---------- MATERIAL SUPPLIED

lemma det_on_factor_column_sums:
  assumes "finite S" "i0 \<in> S" and sums: "\<And>j. j \<in> S \<Longrightarrow> (\<Sum>i\<in>S. M i j) = c * r j"
  shows "det_on S M = c * det_on S (M(i0 := r))"
proof -
  have "(\<Sum>i\<in>S - {i0}. det_on S (M(i0 := M i))) = 0"
  proof (intro sum.neutral ballI)
    fix i assume "i \<in> S - {i0}"
    then show "det_on S (M(i0 := M i)) = 0"
      using assms(1,2) by (intro det_on_identical_rows[of S i0 i]) auto
  qed
  then have "det_on S M = (\<Sum>i\<in>S. det_on S (M(i0 := M i)))"
    using assms(1,2) by (simp add: sum.remove)
  also have "\<dots> = det_on S (M(i0 := (\<lambda>j. \<Sum>i\<in>S. M i j)))"
    by (rule det_on_row_sum[symmetric, OF assms(1,2)])
  also have "\<dots> = det_on S (M(i0 := (\<lambda>j. c * r j)))"
    by (rule det_on_cong) (simp add: sums)
  also have "\<dots> = c * det_on S (M(i0 := r))"
    by (rule det_on_row_scale[OF assms(1,2)])
  finally show ?thesis .
qed

lemma det_on_unit_row:
  assumes "finite S" "i0 \<in> S"
  shows "det_on S (M(i0 := (\<lambda>j. if j = i0 then 1 else 0))) = det_on (S - {i0}) M"
proof -
  have stabilizer: "{p. p permutes S \<and> p i0 = i0} = {p. p permutes S - {i0}}"
    using assms(2) by (auto intro: permutes_superset permutes_subset dest: permutes_not_in)
  have "det_on S (M(i0 := (\<lambda>j. if j = i0 then 1 else 0))) =
          (\<Sum>p \<in> {p. p permutes S \<and> p i0 = i0}. sign p * (\<Prod>i\<in>S - {i0}. M i (p i)))"
    unfolding det_on_fun_upd_row[OF assms]
    by (intro sum.mono_neutral_cong_right) (auto simp: finite_permutations assms(1))
  then show ?thesis
    unfolding stabilizer det_on_def by simp
qed

lemma det_on_transpose:
  assumes "finite S"
  shows "det_on S (\<lambda>i j. M j i) = det_on S M"
proof -
  have "sign p * (\<Prod>i\<in>S. M (p i) i) =
          sign (inv_into UNIV p) * (\<Prod>i\<in>S. M i (inv_into UNIV p i))"
    if p: "p permutes S" for p
  proof -
    have "permutation p"
      using p assms permutation_permutes by blast
    then have "sign (inv_into UNIV p) = sign p"
      by (simp add: sign_inverse)
    moreover have "(\<Prod>i\<in>S. M (p i) i) = (\<Prod>i\<in>S. M i (inv_into UNIV p i))"
      using prod.permute[OF permutes_inv[OF p], of "\<lambda>i. M (p i) i"]
      by (simp add: comp_def permutes_inverses(1)[OF p])
    ultimately show ?thesis by simp
  qed
  then have "det_on S (\<lambda>i j. M j i) =
      (\<Sum>p | p permutes S. sign (inv_into UNIV p) * (\<Prod>i\<in>S. M i (inv_into UNIV p i)))"
    unfolding det_on_def by (intro sum.cong) auto
  also have "\<dots> = det_on S M"
    unfolding det_on_def
    by (rule sum.reindex_bij_witness[of _ "inv_into UNIV" "inv_into UNIV"])
       (auto simp: permutes_inv permutes_inv_inv)
  finally show ?thesis .
qed

lemma det_on_pow_dvd:
  assumes "finite S" "R \<subseteq> S" and dvd: "\<And>i j. i \<in> R \<Longrightarrow> j \<in> S \<Longrightarrow> c dvd M i j"
  shows "c ^ card R dvd det_on S M"
  unfolding det_on_def
proof (intro dvd_sum dvd_mult)
  fix p assume "p \<in> {p. p permutes S}"
  then have "(\<Prod>i\<in>R. c) dvd (\<Prod>i\<in>R. M i (p i))"
    using assms(2) by (intro prod_dvd_prod dvd) (auto simp: permutes_in_image)
  then show "c ^ card R dvd (\<Prod>i\<in>S. M i (p i))"
    using prod.subset_diff[OF assms(2,1), of "\<lambda>i. M i (p i)"] by simp
qed

lemma det_on_pow_dvd_row_differences:
  assumes "finite S" "i0 \<in> S" "R \<subseteq> S - {i0}"
    and dvd: "\<And>i j. i \<in> R \<Longrightarrow> j \<in> S \<Longrightarrow> c dvd M i j - M i0 j"
  shows "c ^ card R dvd det_on S M"
proof -
  have "c ^ card R dvd det_on S (\<lambda>i j. if i \<in> R then M i j + (-1) * M i0 j else M i j)"
    using assms(3) by (intro det_on_pow_dvd[OF assms(1)]) (auto dest: dvd)
  then show ?thesis
    by (simp only: det_on_add_multiple_row_to_rows[OF assms(1-3)])
qed

lemma det_on_ones_plus_laplacian:
  fixes L :: "'a \<Rightarrow> 'a \<Rightarrow> int"
  assumes "finite S" "i0 \<in> S"
    and L_sym: "\<And>i j. i \<in> S \<Longrightarrow> j \<in> S \<Longrightarrow> L i j = L j i"
    and L_row_sums: "\<And>i. i \<in> S \<Longrightarrow> (\<Sum>j\<in>S. L i j) = 0"
  shows "det_on S (\<lambda>i j. 1 + L i j) = int (card S) ^ 2 * det_on (S - {i0}) L"
proof -
  let ?n = "int (card S)"
  let ?A = "(\<lambda>i j. 1 + L i j)(i0 := (\<lambda>_. 1))"
  define B where "B = (\<lambda>i j. if j = i0 then 1 else L i j)"
  have column_sums: "(\<Sum>i\<in>S. L i j) = 0" if "j \<in> S" for j
    using L_row_sums[OF that] sum.cong[OF refl, of S "\<lambda>i. L i j" "L j"] L_sym[OF _ that] by simp
  have "det_on S (\<lambda>i j. 1 + L i j) = ?n * det_on S ?A"
    using assms(1,2) by (rule det_on_factor_column_sums) (simp add: sum.distrib column_sums)
  also have "det_on S ?A =
      det_on S (\<lambda>i j. if i \<in> S - {i0} then ?A i j + (-1) * ?A i0 j else ?A i j)"
    by (rule det_on_add_multiple_row_to_rows[symmetric]) (use assms(1,2) in auto)
  also have "\<dots> = det_on S (\<lambda>i j. B j i)"
    by (rule det_on_cong) (auto simp: B_def L_sym)
  also have "\<dots> = det_on S B"
    by (rule det_on_transpose[OF assms(1)])
  also have "\<dots> = ?n * det_on S (B(i0 := (\<lambda>j. if j = i0 then 1 else 0)))"
    using assms(1,2) by (rule det_on_factor_column_sums) (simp add: B_def column_sums)
  also have "det_on S (B(i0 := (\<lambda>j. if j = i0 then 1 else 0))) = det_on (S - {i0}) L"
    unfolding det_on_unit_row[OF assms(1,2)] by (rule det_on_cong) (simp add: B_def)
  finally show ?thesis
    by (simp add: power2_eq_square)
qed

lemma mult_pow_dvd_square_mult_pow:
  fixes n m k :: nat
  assumes "m dvd n" "0 < k"
  shows "n * m ^ k dvd n ^ 2 * m ^ (k - 1)"
proof -
  have "n * (m * m ^ (k - 1)) dvd n * (n * m ^ (k - 1))"
    using assms(1) by (intro mult_dvd_mono) auto
  then show ?thesis
    using assms(2) by (simp add: power_eq_if[of m k] power2_eq_square)
qed

lemma power_laplacian_sym: "power_laplacian G x y = power_laplacian G y x"
  unfolding power_laplacian_def power_adj_def by auto

lemma power_laplacian_row_sum:
  assumes "finite (carrier G)" "x \<in> carrier G"
  shows "(\<Sum>y\<in>carrier G. power_laplacian G x y) = 0"
proof -
  have "power_laplacian G x y =
          (if y = x then int (power_deg G x) else 0) - (if power_adj G x y then 1 else 0)" for y
    by (simp add: power_laplacian_def power_adj_def)
  then show ?thesis
    using assms by (simp add: sum_subtractf sum.inter_filter[symmetric] power_deg_def)
qed

context group
begin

--------------------

#### BRIEF
The result should be the lines from the line with "(k - 1)) dvd" to the last line of the material, returned exactly and without any other line.

#### SOLUTION TO THIS TASK
  have "n * (m * m ^ (k - 1)) dvd n * (n * m ^ (k - 1))"
    using assms(1) by (intro mult_dvd_mono) auto
  then show ?thesis
    using assms(2) by (simp add: power_eq_if[of m k] power2_eq_square)
qed

lemma power_laplacian_sym: "power_laplacian G x y = power_laplacian G y x"
  unfolding power_laplacian_def power_adj_def by auto

lemma power_laplacian_row_sum:
  assumes "finite (carrier G)" "x \<in> carrier G"
  shows "(\<Sum>y\<in>carrier G. power_laplacian G x y) = 0"
proof -
  have "power_laplacian G x y =
          (if y = x then int (power_deg G x) else 0) - (if power_adj G x y then 1 else 0)" for y
    by (simp add: power_laplacian_def power_adj_def)
  then show ?thesis
    using assms by (simp add: sum_subtractf sum.inter_filter[symmetric] power_deg_def)
qed

context group
begin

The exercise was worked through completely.